■ **Aim of the task**
The stretch from the line with "W) = mtrace" through the line with "by (simp_all add: mtensor_def" in the records below: write it out exactly, and nothing else.

[Data section]

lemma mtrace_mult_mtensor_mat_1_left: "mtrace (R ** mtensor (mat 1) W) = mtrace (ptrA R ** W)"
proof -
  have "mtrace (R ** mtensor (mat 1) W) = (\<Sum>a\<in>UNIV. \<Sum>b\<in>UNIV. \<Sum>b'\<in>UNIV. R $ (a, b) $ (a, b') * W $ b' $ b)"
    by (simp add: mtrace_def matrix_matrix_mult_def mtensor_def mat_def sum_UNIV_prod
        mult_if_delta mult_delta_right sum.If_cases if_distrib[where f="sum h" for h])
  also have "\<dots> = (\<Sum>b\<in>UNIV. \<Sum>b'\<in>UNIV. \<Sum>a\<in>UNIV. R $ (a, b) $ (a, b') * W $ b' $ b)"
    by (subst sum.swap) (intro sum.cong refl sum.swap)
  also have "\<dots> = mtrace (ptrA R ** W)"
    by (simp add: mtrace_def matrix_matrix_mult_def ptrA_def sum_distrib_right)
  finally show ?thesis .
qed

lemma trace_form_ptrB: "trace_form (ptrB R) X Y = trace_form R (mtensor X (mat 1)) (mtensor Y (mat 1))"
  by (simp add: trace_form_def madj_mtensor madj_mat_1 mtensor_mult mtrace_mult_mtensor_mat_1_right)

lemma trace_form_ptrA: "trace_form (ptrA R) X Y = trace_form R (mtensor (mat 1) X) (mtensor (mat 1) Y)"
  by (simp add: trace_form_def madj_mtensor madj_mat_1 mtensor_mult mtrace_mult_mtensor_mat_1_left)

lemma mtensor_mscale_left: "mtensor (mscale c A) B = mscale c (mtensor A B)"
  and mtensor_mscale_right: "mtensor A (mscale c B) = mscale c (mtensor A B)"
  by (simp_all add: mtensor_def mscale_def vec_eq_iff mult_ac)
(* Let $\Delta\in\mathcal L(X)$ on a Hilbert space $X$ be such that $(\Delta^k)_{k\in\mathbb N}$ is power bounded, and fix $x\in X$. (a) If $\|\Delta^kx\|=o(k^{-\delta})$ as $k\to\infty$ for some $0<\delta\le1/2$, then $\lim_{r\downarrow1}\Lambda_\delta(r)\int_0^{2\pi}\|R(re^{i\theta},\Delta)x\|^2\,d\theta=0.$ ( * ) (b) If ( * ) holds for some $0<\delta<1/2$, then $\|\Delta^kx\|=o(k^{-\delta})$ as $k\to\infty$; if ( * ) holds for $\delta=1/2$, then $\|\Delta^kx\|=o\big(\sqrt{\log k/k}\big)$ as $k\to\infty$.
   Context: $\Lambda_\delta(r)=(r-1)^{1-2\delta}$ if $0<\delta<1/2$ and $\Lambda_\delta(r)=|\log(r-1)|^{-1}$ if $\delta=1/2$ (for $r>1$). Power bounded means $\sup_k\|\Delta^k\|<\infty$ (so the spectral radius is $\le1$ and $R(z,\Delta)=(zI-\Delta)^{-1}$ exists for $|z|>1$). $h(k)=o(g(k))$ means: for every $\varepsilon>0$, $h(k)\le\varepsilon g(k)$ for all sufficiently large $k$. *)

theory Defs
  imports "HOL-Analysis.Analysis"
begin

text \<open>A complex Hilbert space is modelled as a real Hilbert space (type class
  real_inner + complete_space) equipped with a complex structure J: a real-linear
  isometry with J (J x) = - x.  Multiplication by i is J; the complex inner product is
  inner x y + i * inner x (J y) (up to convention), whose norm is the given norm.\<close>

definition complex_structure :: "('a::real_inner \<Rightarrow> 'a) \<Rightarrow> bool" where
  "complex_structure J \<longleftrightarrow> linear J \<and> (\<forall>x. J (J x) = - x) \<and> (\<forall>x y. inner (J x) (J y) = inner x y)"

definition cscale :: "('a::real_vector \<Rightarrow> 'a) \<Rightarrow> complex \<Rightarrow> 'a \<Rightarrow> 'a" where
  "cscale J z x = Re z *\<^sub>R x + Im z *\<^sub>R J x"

[/Data section]
[Data section]

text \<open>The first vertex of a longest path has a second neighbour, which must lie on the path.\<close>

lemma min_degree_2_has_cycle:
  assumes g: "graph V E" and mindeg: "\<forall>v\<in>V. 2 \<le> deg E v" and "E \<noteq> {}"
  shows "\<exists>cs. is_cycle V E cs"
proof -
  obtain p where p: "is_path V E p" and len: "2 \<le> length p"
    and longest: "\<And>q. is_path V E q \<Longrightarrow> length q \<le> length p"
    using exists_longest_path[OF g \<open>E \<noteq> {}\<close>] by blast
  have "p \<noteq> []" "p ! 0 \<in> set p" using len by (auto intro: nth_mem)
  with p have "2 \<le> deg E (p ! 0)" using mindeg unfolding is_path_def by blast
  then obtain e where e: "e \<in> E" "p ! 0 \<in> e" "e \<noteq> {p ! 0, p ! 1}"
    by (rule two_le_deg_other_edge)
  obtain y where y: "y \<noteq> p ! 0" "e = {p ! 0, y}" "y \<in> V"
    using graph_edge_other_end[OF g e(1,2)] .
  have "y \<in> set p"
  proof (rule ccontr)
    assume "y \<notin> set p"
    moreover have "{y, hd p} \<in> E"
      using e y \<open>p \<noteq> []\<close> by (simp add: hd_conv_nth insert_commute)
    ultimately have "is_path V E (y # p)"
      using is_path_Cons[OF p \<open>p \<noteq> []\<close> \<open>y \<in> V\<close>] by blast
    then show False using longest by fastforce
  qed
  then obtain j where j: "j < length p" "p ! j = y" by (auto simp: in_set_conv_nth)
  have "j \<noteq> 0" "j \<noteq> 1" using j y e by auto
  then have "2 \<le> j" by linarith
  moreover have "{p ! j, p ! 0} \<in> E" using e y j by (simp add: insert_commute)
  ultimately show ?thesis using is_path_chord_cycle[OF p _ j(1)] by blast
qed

[/Data section]

■ **Written response**
lemma mtrace_mult_mtensor_mat_1_left: "mtrace (R ** mtensor (mat 1) W) = mtrace (ptrA R ** W)"
proof -
  have "mtrace (R ** mtensor (mat 1) W) = (\<Sum>a\<in>UNIV. \<Sum>b\<in>UNIV. \<Sum>b'\<in>UNIV. R $ (a, b) $ (a, b') * W $ b' $ b)"
    by (simp add: mtrace_def matrix_matrix_mult_def mtensor_def mat_def sum_UNIV_prod
        mult_if_delta mult_delta_right sum.If_cases if_distrib[where f="sum h" for h])
  also have "\<dots> = (\<Sum>b\<in>UNIV. \<Sum>b'\<in>UNIV. \<Sum>a\<in>UNIV. R $ (a, b) $ (a, b') * W $ b' $ b)"
    by (subst sum.swap) (intro sum.cong refl sum.swap)
  also have "\<dots> = mtrace (ptrA R ** W)"
    by (simp add: mtrace_def matrix_matrix_mult_def ptrA_def sum_distrib_right)
  finally show ?thesis .
qed

lemma trace_form_ptrB: "trace_form (ptrB R) X Y = trace_form R (mtensor X (mat 1)) (mtensor Y (mat 1))"
  by (simp add: trace_form_def madj_mtensor madj_mat_1 mtensor_mult mtrace_mult_mtensor_mat_1_right)

lemma trace_form_ptrA: "trace_form (ptrA R) X Y = trace_form R (mtensor (mat 1) X) (mtensor (mat 1) Y)"
  by (simp add: trace_form_def madj_mtensor madj_mat_1 mtensor_mult mtrace_mult_mtensor_mat_1_left)

lemma mtensor_mscale_left: "mtensor (mscale c A) B = mscale c (mtensor A B)"
  and mtensor_mscale_right: "mtensor A (mscale c B) = mscale c (mtensor A B)"
  by (simp_all add: mtensor_def mscale_def vec_eq_iff mult_ac)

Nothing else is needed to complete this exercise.